» Exercise description: The answer must be an exact reproduction of all the entries.

━━ Input for this task

lemma corner_basis:
  assumes j: "j \<in> E"
  obtains B where "finite B" "independent B" "B \<subseteq> {j * y * x |y. True}" "{j * y * x |y. True} \<subseteq> span B"
proof -
  let ?V = "{j * y * x |y. True}"
  obtain R where R: "finite R" "R \<subseteq> E" "x * \<Sum>R = x"
    using local_right_unit[of "{x}"] by auto
  have "\<forall>r\<in>R. \<exists>C. finite C \<and> {j * a * r |a. True} \<subseteq> span C"
  proof
    fix r assume "r \<in> R"
    with R(2) have "r \<in> E" by blast
    with j show "\<exists>C. finite C \<and> {j * a * r |a. True} \<subseteq> span C" by (rule corner_finite_span)
  qed
  then obtain C where C: "\<forall>r\<in>R. finite (C r) \<and> {j * a * r |a. True} \<subseteq> span (C r)"
    by (rule bchoice[THEN exE])
  have "?V \<subseteq> span (\<Union>r\<in>R. C r)"
  proof
    fix v assume "v \<in> ?V"
    then obtain y where "v = j * y * x" by blast
    with R(3) have "v = j * y * (x * \<Sum>R)" by simp
    also have "\<dots> = (\<Sum>r\<in>R. j * (y * x) * r)" by (simp add: sum_distrib_left mult.assoc)
    also have "\<dots> \<in> span (\<Union>r\<in>R. C r)"
    proof (rule span_sum)
      fix r assume "r \<in> R"
      have "j * (y * x) * r \<in> {j * a * r |a. True}" by blast
      with C \<open>r \<in> R\<close> have "j * (y * x) * r \<in> span (C r)" by blast
      moreover have "span (C r) \<subseteq> span (\<Union>r\<in>R. C r)" using \<open>r \<in> R\<close> by (intro span_mono) blast
      ultimately show "j * (y * x) * r \<in> span (\<Union>r\<in>R. C r)" by blast
    qed
    finally show "v \<in> span (\<Union>r\<in>R. C r)" .
  qed
  obtain B where B: "B \<subseteq> ?V" "independent B" "?V \<subseteq> span B"
    by (rule basis_exists)
  have "finite (\<Union>r\<in>R. C r)" using R(1) C by simp
  moreover have "B \<subseteq> span (\<Union>r\<in>R. C r)" using B(1) \<open>?V \<subseteq> span (\<Union>r\<in>R. C r)\<close> by (rule order_trans)
  ultimately have "finite B" using independent_span_bound B(2) by blast
  with B show ?thesis by (intro that)
qed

━━━━

» Task answer:
lemma corner_basis:
  assumes j: "j \<in> E"
  obtains B where "finite B" "independent B" "B \<subseteq> {j * y * x |y. True}" "{j * y * x |y. True} \<subseteq> span B"
proof -
  let ?V = "{j * y * x |y. True}"
  obtain R where R: "finite R" "R \<subseteq> E" "x * \<Sum>R = x"
    using local_right_unit[of "{x}"] by auto
  have "\<forall>r\<in>R. \<exists>C. finite C \<and> {j * a * r |a. True} \<subseteq> span C"
  proof
    fix r assume "r \<in> R"
    with R(2) have "r \<in> E" by blast
    with j show "\<exists>C. finite C \<and> {j * a * r |a. True} \<subseteq> span C" by (rule corner_finite_span)
  qed
  then obtain C where C: "\<forall>r\<in>R. finite (C r) \<and> {j * a * r |a. True} \<subseteq> span (C r)"
    by (rule bchoice[THEN exE])
  have "?V \<subseteq> span (\<Union>r\<in>R. C r)"
  proof
    fix v assume "v \<in> ?V"
    then obtain y where "v = j * y * x" by blast
    with R(3) have "v = j * y * (x * \<Sum>R)" by simp
    also have "\<dots> = (\<Sum>r\<in>R. j * (y * x) * r)" by (simp add: sum_distrib_left mult.assoc)
    also have "\<dots> \<in> span (\<Union>r\<in>R. C r)"
    proof (rule span_sum)
      fix r assume "r \<in> R"
      have "j * (y * x) * r \<in> {j * a * r |a. True}" by blast
      with C \<open>r \<in> R\<close> have "j * (y * x) * r \<in> span (C r)" by blast
      moreover have "span (C r) \<subseteq> span (\<Union>r\<in>R. C r)" using \<open>r \<in> R\<close> by (intro span_mono) blast
      ultimately show "j * (y * x) * r \<in> span (\<Union>r\<in>R. C r)" by blast
    qed
    finally show "v \<in> span (\<Union>r\<in>R. C r)" .
  qed
  obtain B where B: "B \<subseteq> ?V" "independent B" "?V \<subseteq> span B"
    by (rule basis_exists)
  have "finite (\<Union>r\<in>R. C r)" using R(1) C by simp
  moreover have "B \<subseteq> span (\<Union>r\<in>R. C r)" using B(1) \<open>?V \<subseteq> span (\<Union>r\<in>R. C r)\<close> by (rule order_trans)
  ultimately have "finite B" using independent_span_bound B(2) by blast
  with B show ?thesis by (intro that)
qed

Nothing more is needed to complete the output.